LINCOLN, Neb. — Nebraska’s prison system has completed a new 100-bed housing unit for work-release inmates with time and money to spare, and the department is on pace to meet a 2020 deadline to reduce overcrowding, the state corrections director said Thursday.

The Department of Correctional Services unveiled the new unit at the Community Corrections Center-Lincoln.

Director Scott Frakes said the project was finished a little more than two weeks ahead of schedule at a cost of nearly $1.5 million, which is below the projected $1.8 million price tag. The project was scheduled to be completed Saturday but began housing inmates on Sept. 11.

The announcement offered a glimmer of good news for a department dogged by persistent overcrowding, staffing shortages, a high-profile escape last year and two deadly prison riots in a two-year period.

“This is a wonderful day,” Frakes said at a news conference to show off the new building.

Prison officials are looking to add 660 beds to the entire system, plus a new medical wing and prisoner dining and kitchen facilities in Lincoln.
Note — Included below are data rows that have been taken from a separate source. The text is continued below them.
(* Let $D$ be an indecomposable chord diagram with $|D|$ chords, let $C$ be a chord diagram, and let $k,\ell$ be integers for which the operations below are defined. Then $$\mathrm{Ins}_{D,\ell}\big(R_k(C)\big)=R_k\big(\mathrm{Ins}_{D,\ell-2}(C)\big)\quad\text{if }k\le \ell-2,$$ $$\mathrm{Ins}_{D,\ell}\big(R_k(C)\big)=R_{k+2|D|}\big(\mathrm{Ins}_{D,\ell-1}(C)\big)\quad\text{if }1\le \ell-1\le k.$$
   Context: A chord diagram of size $n$ is a perfect matching of $2n$ linearly ordered points into $n$ pairs (chords), considered up to order isomorphism; the root chord is the chord containing the first point. Its intervals are the $2n-1$ gaps between consecutive points, numbered $1,\dots,2n-1$ from left to right. A diagram is indecomposable if it is not the concatenation (side by side juxtaposition) of two nonempty diagrams. For a diagram $C$ of size $n$ and $1\le k\le 2n-1$, $R_k(C)$ is the diagram of size $n+1$ obtained by adding a new chord whose left endpoint is placed before all points of $C$ and whose right endpoint is placed in the $k$-th interval of $C$ (this chord is the new root chord). For a diagram $D'$, $\mathrm{Ins}_{D',k}(C)$ is the diagram obtained by placing all points of $D'$ (in order, with their matching) inside the $k$-th interval of $C$. *)

theory Defs
  imports Main
begin

text \<open>A chord diagram on 2n linearly ordered points 0,...,2n-1 is represented
canonically (i.e. up to order isomorphism) by the list xs of length 2n whose
i-th entry is the partner of point i in the perfect matching.\<close>

definition chord_diagram :: "nat list \<Rightarrow> bool" where
  "chord_diagram xs \<longleftrightarrow> even (length xs) \<and>
     (\<forall>i < length xs. xs ! i < length xs \<and> xs ! i \<noteq> i \<and> xs ! (xs ! i) = i)"

definition dsize :: "nat list \<Rightarrow> nat" where
  "dsize xs = length xs div 2"

text \<open>Interval k (1 \<le> k \<le> 2n-1) is the gap between point k-1 and point k
(0-indexed), i.e. right after the first k points.\<close>

definition valid_interval :: "nat list \<Rightarrow> nat \<Rightarrow> bool" where
  "valid_interval C k \<longleftrightarrow> 1 \<le> k \<and> k \<le> 2 * dsize C - 1"

definition concat_diag :: "nat list \<Rightarrow> nat list \<Rightarrow> nat list" where
  "concat_diag A B = A @ map (\<lambda>j. j + length A) B"

definition indecomposable :: "nat list \<Rightarrow> bool" where
  "indecomposable D \<longleftrightarrow>
     \<not> (\<exists>A B. chord_diagram A \<and> chord_diagram B \<and> A \<noteq> [] \<and> B \<noteq> [] \<and> D = concat_diag A B)"

text \<open>R_k(C): new root chord from before all points to interval k.\<close>
definition R :: "nat \<Rightarrow> nat list \<Rightarrow> nat list" where
  "R k C = (let t = (\<lambda>i. if i < k then i + 1 else i + 2) in
      (k + 1) # map (\<lambda>p. t p) (take k C) @ [0] @ map (\<lambda>p. t p) (drop k C))"

definition Ins :: "nat list \<Rightarrow> nat \<Rightarrow> nat list \<Rightarrow> nat list" where
  "Ins D k C = (let s = (\<lambda>i. if i < k then i else i + length D) in
      map (\<lambda>p. s p) (take k C) @ map (\<lambda>j. j + k) D @ map (\<lambda>p. s p) (drop k C))"

end

theory Submission
  imports Defs
begin

text \<open>Both identities are pure bookkeeping of positions. Cut C at the two intervals involved,
  C = A @ B @ E. Inserting D and adding the root chord shift the points of A, B and E by
  the same amounts on both sides, so after unfolding the definitions the claim reduces to
  the shift maps commuting pointwise. Only the points of D need care in the second identity:
  there the new root chord ends to their right, which is where their values being below
  the length of D is used.\<close>

lemma obtain_split3:
  assumes "k \<le> j" "j \<le> length C"
  obtains A B E where "C = A @ B @ E" "length A = k" "length B = j - k"
proof
  show "C = take k C @ take (j - k) (drop k C) @ drop j C"
    using assms(1) by (metis append_take_drop_id drop_drop le_add_diff_inverse2)
qed (use assms in auto)

lemma Ins_R_right_of_root:
  assumes "k + 2 \<le> l" "l - 2 \<le> length C"
  shows "Ins D l (R k C) = R k (Ins D (l - 2) C)"
proof -
  have k: "k \<le> l - 2"
    using assms(1) by linarith
  obtain A B E where C: "C = A @ B @ E" and A: "length A = k" and B: "length B = l - 2 - k"
    using obtain_split3[OF k assms(2)] .
  have l: "l = k + length B + 2"
    using assms(1) B by simp
  have shifts_commute: "(if (if p < k then p + 1 else p + 2) < l
        then (if p < k then p + 1 else p + 2) else (if p < k then p + 1 else p + 2) + length D)
      = (if (if p < l - 2 then p else p + length D) < k
        then (if p < l - 2 then p else p + length D) + 1
        else (if p < l - 2 then p else p + length D) + 2)" for p :: nat
    using assms(1) by auto
  have D_shift: "map (\<lambda>j. j + l) D
      = map (\<lambda>p. if p < k then p + 1 else p + 2) (map (\<lambda>j. j + (l - 2)) D)"
    using assms(1) by auto
  show ?thesis
    unfolding C Ins_def R_def Let_def map_map comp_def shifts_commute
    using A D_shift by (simp add: l)
qed

lemma Ins_R_left_of_root:
  assumes "2 \<le> l" "l - 1 \<le> k" "k \<le> length C" and D: "\<forall>x\<in>set D. x < length D"
  shows "Ins D l (R k C) = R (k + length D) (Ins D (l - 1) C)"
proof -
  obtain A B E where C: "C = A @ B @ E" and A: "length A = l - 1" and B: "length B = k - (l - 1)"
    using obtain_split3[OF assms(2,3)] .
  have l: "l = length A + 1" and k: "k = length A + length B"
    using assms(1,2) A B by simp_all
  have shifts_commute: "(if (if p < k then p + 1 else p + 2) < l
        then (if p < k then p + 1 else p + 2) else (if p < k then p + 1 else p + 2) + length D)
      = (if (if p < l - 1 then p else p + length D) < k + length D
        then (if p < l - 1 then p else p + length D) + 1
        else (if p < l - 1 then p else p + length D) + 2)" for p :: nat
    using assms(1,2) by auto
  have D_shift: "map (\<lambda>j. j + l) D
      = map (\<lambda>p. if p < k + length D then p + 1 else p + 2) (map (\<lambda>j. j + (l - 1)) D)"
    using assms(1,2) D by auto
  show ?thesis
    unfolding C Ins_def R_def Let_def map_map comp_def shifts_commute
    using A D_shift by (simp add: l k)
qed

lemma valid_interval_le_length: "valid_interval C k \<Longrightarrow> k \<le> length C"
  unfolding valid_interval_def dsize_def by linarith

lemma chord_diagram_length: "chord_diagram D \<Longrightarrow> length D = 2 * dsize D"
  by (auto simp: chord_diagram_def dsize_def)

lemma chord_diagram_partners_less_length: "chord_diagram D \<Longrightarrow> \<forall>x\<in>set D. x < length D"
  by (auto simp: chord_diagram_def in_set_conv_nth)

theorem lemma3p2:
  fixes D C :: "nat list" and k l :: nat
  assumes "chord_diagram D" and "indecomposable D" and "chord_diagram C"
  shows "(k + 2 \<le> l \<and> valid_interval C k \<and> valid_interval (R k C) l
            \<and> valid_interval C (l - 2) \<and> valid_interval (Ins D (l - 2) C) k
          \<longrightarrow> Ins D l (R k C) = R k (Ins D (l - 2) C))
       \<and> (1 \<le> l - 1 \<and> l - 1 \<le> k \<and> valid_interval C k \<and> valid_interval (R k C) l
            \<and> valid_interval C (l - 1) \<and> valid_interval (Ins D (l - 1) C) (k + 2 * dsize D)
          \<longrightarrow> Ins D l (R k C) = R (k + 2 * dsize D) (Ins D (l - 1) C))"
proof (intro conjI impI)
  assume "k + 2 \<le> l \<and> valid_interval C k \<and> valid_interval (R k C) l
            \<and> valid_interval C (l - 2) \<and> valid_interval (Ins D (l - 2) C) k"
  then show "Ins D l (R k C) = R k (Ins D (l - 2) C)"
    by (intro Ins_R_right_of_root) (auto dest: valid_interval_le_length)
next
  assume "1 \<le> l - 1 \<and> l - 1 \<le> k \<and> valid_interval C k \<and> valid_interval (R k C) l
            \<and> valid_interval C (l - 1) \<and> valid_interval (Ins D (l - 1) C) (k + 2 * dsize D)"
  then have "Ins D l (R k C) = R (k + length D) (Ins D (l - 1) C)"
    using chord_diagram_partners_less_length[OF assms(1)]
    by (intro Ins_R_left_of_root) (auto dest: valid_interval_le_length)
  then show "Ins D l (R k C) = R (k + 2 * dsize D) (Ins D (l - 1) C)"
    by (simp only: chord_diagram_length[OF assms(1)])
qed

end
The next phase already underway is a 160-bed “community transitional housing” unit for female inmates, which is set for completion in March 2019 at an estimated cost of $26 million.

Frakes said the female unit will provide a more “therapeutic” environment for inmates, many of whom have suffered abuse and trauma that led them to commit crimes.

“We have the opportunity for Nebraska to join national leaders … providing more effective, better opportunities,” he said.

The unit unveiled Thursday will serve inmates who are within six months of their release date, said Charles West, warden of the Community Corrections Center-Lincoln.

“It expands the number of inmates you can put on work release,” West said.

Gov. Pete Ricketts, who attended the event, said the work-release unit will help the roughly 93 percent of Nebraska inmates who are expected to return to society. The work-release unit serves as a sleeping quarters for inmates who are allowed to leave the grounds for work or 48-hour furloughs.

“Our job is to prepare them for leaving the corrections system,” Ricketts said.

Frakes said he’s optimistic his department will meet a state-mandated deadline to reduce prison crowding by 2020. The prison system housed 5,307 inmates as of Thursday, which is roughly 157 percent of its current design capacity.

State law allows governors to declare a prison “emergency” when the inmate population exceeds 140 percent of the prison system’s design capacity, but Ricketts and former Gov. Dave Heineman declined to do so.

If the population is still above that threshold on July 1, 2020, the prison system will automatically fall into a state of emergency under a law approved in 2015. A state of emergency would require officials to consider paroling all eligible inmates immediately, although the state parole board would still decide each case.